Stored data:
• • •

theorem is_arg_min_iff_gamblet_representation:
  fixes K :: "('u::real_normed_vector \<Rightarrow>\<^sub>L real) \<Rightarrow> 'u"
    and S :: "('a::real_normed_vector \<Rightarrow>\<^sub>L real) \<Rightarrow> 'a"
    and v :: "nat \<Rightarrow> ('u \<Rightarrow>\<^sub>L real)" and vt :: "nat \<Rightarrow> ('a \<Rightarrow>\<^sub>L real)"
    and \<psi> :: "nat \<Rightarrow> ('u \<Rightarrow>\<^sub>L real)" and obs :: "nat \<Rightarrow> real" and c :: real
  assumes "quadratic_norm K" "quadratic_norm S"
    and gram_invertible: "invertible_sq n (gram K v)" "invertible_sq nt (gram S vt)"
    and \<psi>_first: "I \<le> n" "\<And>i. i < I \<Longrightarrow> v i = \<psi> i"
    and constraint: "\<And>u a. C u a \<longleftrightarrow> Cz (measurements n v u) (measurements nt vt a)"
  shows "is_arg_min
           (\<lambda>(u, a). (norm u)^2 + (norm a)^2 + c * (\<Sum>i<I. (blinfun_apply (\<psi> i) u - obs i)^2))
           (\<lambda>(u, a). C u a) (ud, ad)
         \<longleftrightarrow>
         (\<exists>zd ztd. is_arg_min
              (\<lambda>(z, zt). qform n (sq_inv n (gram K v)) z + qform nt (sq_inv nt (gram S vt)) zt
                          + c * (\<Sum>i<I. (z i - obs i)^2))
              (\<lambda>(z, zt). (\<forall>k. n \<le> k \<longrightarrow> z k = 0) \<and> (\<forall>k. nt \<le> k \<longrightarrow> zt k = 0) \<and> Cz z zt)
              (zd, ztd)
            \<and> ud = (\<Sum>k<n. zd k *\<^sub>R gamblet n K v k)
            \<and> ad = (\<Sum>k<nt. ztd k *\<^sub>R gamblet nt S vt k))"
proof -
  interpret U: quadratic_norm K by fact
  interpret A: quadratic_norm S by fact
  define Jx where "Jx = (\<lambda>(u, a :: 'a). (norm u)^2 + (norm a)^2 + c * (\<Sum>i<I. (blinfun_apply (\<psi> i) u - obs i)^2))"
  define Jz where "Jz = (\<lambda>(z, zt). qform n (sq_inv n (gram K v)) z + qform nt (sq_inv nt (gram S vt)) zt
                          + c * (\<Sum>i<I. (z i - obs i)^2))"
  define Cx where "Cx = (\<lambda>(u, a). C u a)"
  define Cz_padded where "Cz_padded = (\<lambda>(z, zt). (\<forall>k. n \<le> k \<longrightarrow> z k = 0) \<and> (\<forall>k. nt \<le> k \<longrightarrow> zt k = 0) \<and> Cz z zt)"
  define rec where "rec = (\<lambda>(z, zt). (\<Sum>k<n. z k *\<^sub>R gamblet n K v k, \<Sum>k<nt. zt k *\<^sub>R gamblet nt S vt k))"
  define meas where "meas = (\<lambda>(u, a). (measurements n v u, measurements nt vt a))"
  define d where "d = (\<lambda>x. (norm (fst x - fst (rec (meas x))))^2 + (norm (snd x - snd (rec (meas x))))^2)"
  have "meas (rec z) = z" if "Cz_padded z" for z
    using that U.measurements_gamblet_sum[OF gram_invertible(1)] A.measurements_gamblet_sum[OF gram_invertible(2)]
    by (auto simp: meas_def rec_def Cz_padded_def split: prod.splits)
  moreover have "Cx x \<longleftrightarrow> Cz_padded (meas x)" for x :: "'u \<times> 'a"
    by (auto simp: Cx_def Cz_padded_def meas_def measurements_def constraint split: prod.splits)
  moreover have "Jx x = Jz (meas x) + d x" for x :: "'u \<times> 'a"
  proof -
    obtain u a where x: "x = (u, a)" by fastforce
    have "(\<Sum>i<I. (blinfun_apply (\<psi> i) u - obs i)^2) = (\<Sum>i<I. (measurements n v u i - obs i)^2)"
      using \<psi>_first by (intro sum.cong) (auto simp: measurements_def)
    then show ?thesis
      using U.norm_sq_eq_qform_measurements[OF gram_invertible(1), of u]
        A.norm_sq_eq_qform_measurements[OF gram_invertible(2), of a]
      by (simp add: x Jx_def Jz_def d_def meas_def rec_def)
  qed
  moreover have "0 \<le> d x" for x :: "'u \<times> 'a"
    by (simp add: d_def)
  moreover have "d x = 0 \<longleftrightarrow> x = rec (meas x)" for x :: "'u \<times> 'a"
    by (simp add: d_def add_nonneg_eq_0_iff prod_eq_iff)
  ultimately have "is_arg_min Jx Cx (ud, ad) \<longleftrightarrow> (\<exists>z. is_arg_min Jz Cz_padded z \<and> (ud, ad) = rec z)"
    by (rule is_arg_min_reduction)
  then show ?thesis
    unfolding Jx_def Jz_def Cx_def Cz_padded_def by (auto simp: rec_def)
qed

• • •

### Activity
Go through the records above and return each line in which the word "where" occurs.

### Answer box
  define Jx where "Jx = (\<lambda>(u, a :: 'a). (norm u)^2 + (norm a)^2 + c * (\<Sum>i<I. (blinfun_apply (\<psi> i) u - obs i)^2))"
  define Jz where "Jz = (\<lambda>(z, zt). qform n (sq_inv n (gram K v)) z + qform nt (sq_inv nt (gram S vt)) zt
  define Cx where "Cx = (\<lambda>(u, a). C u a)"
  define Cz_padded where "Cz_padded = (\<lambda>(z, zt). (\<forall>k. n \<le> k \<longrightarrow> z k = 0) \<and> (\<forall>k. nt \<le> k \<longrightarrow> zt k = 0) \<and> Cz z zt)"
  define rec where "rec = (\<lambda>(z, zt). (\<Sum>k<n. z k *\<^sub>R gamblet n K v k, \<Sum>k<nt. zt k *\<^sub>R gamblet nt S vt k))"
  define meas where "meas = (\<lambda>(u, a). (measurements n v u, measurements nt vt a))"
  define d where "d = (\<lambda>x. (norm (fst x - fst (rec (meas x))))^2 + (norm (snd x - snd (rec (meas x))))^2)"
    obtain u a where x: "x = (u, a)" by fastforce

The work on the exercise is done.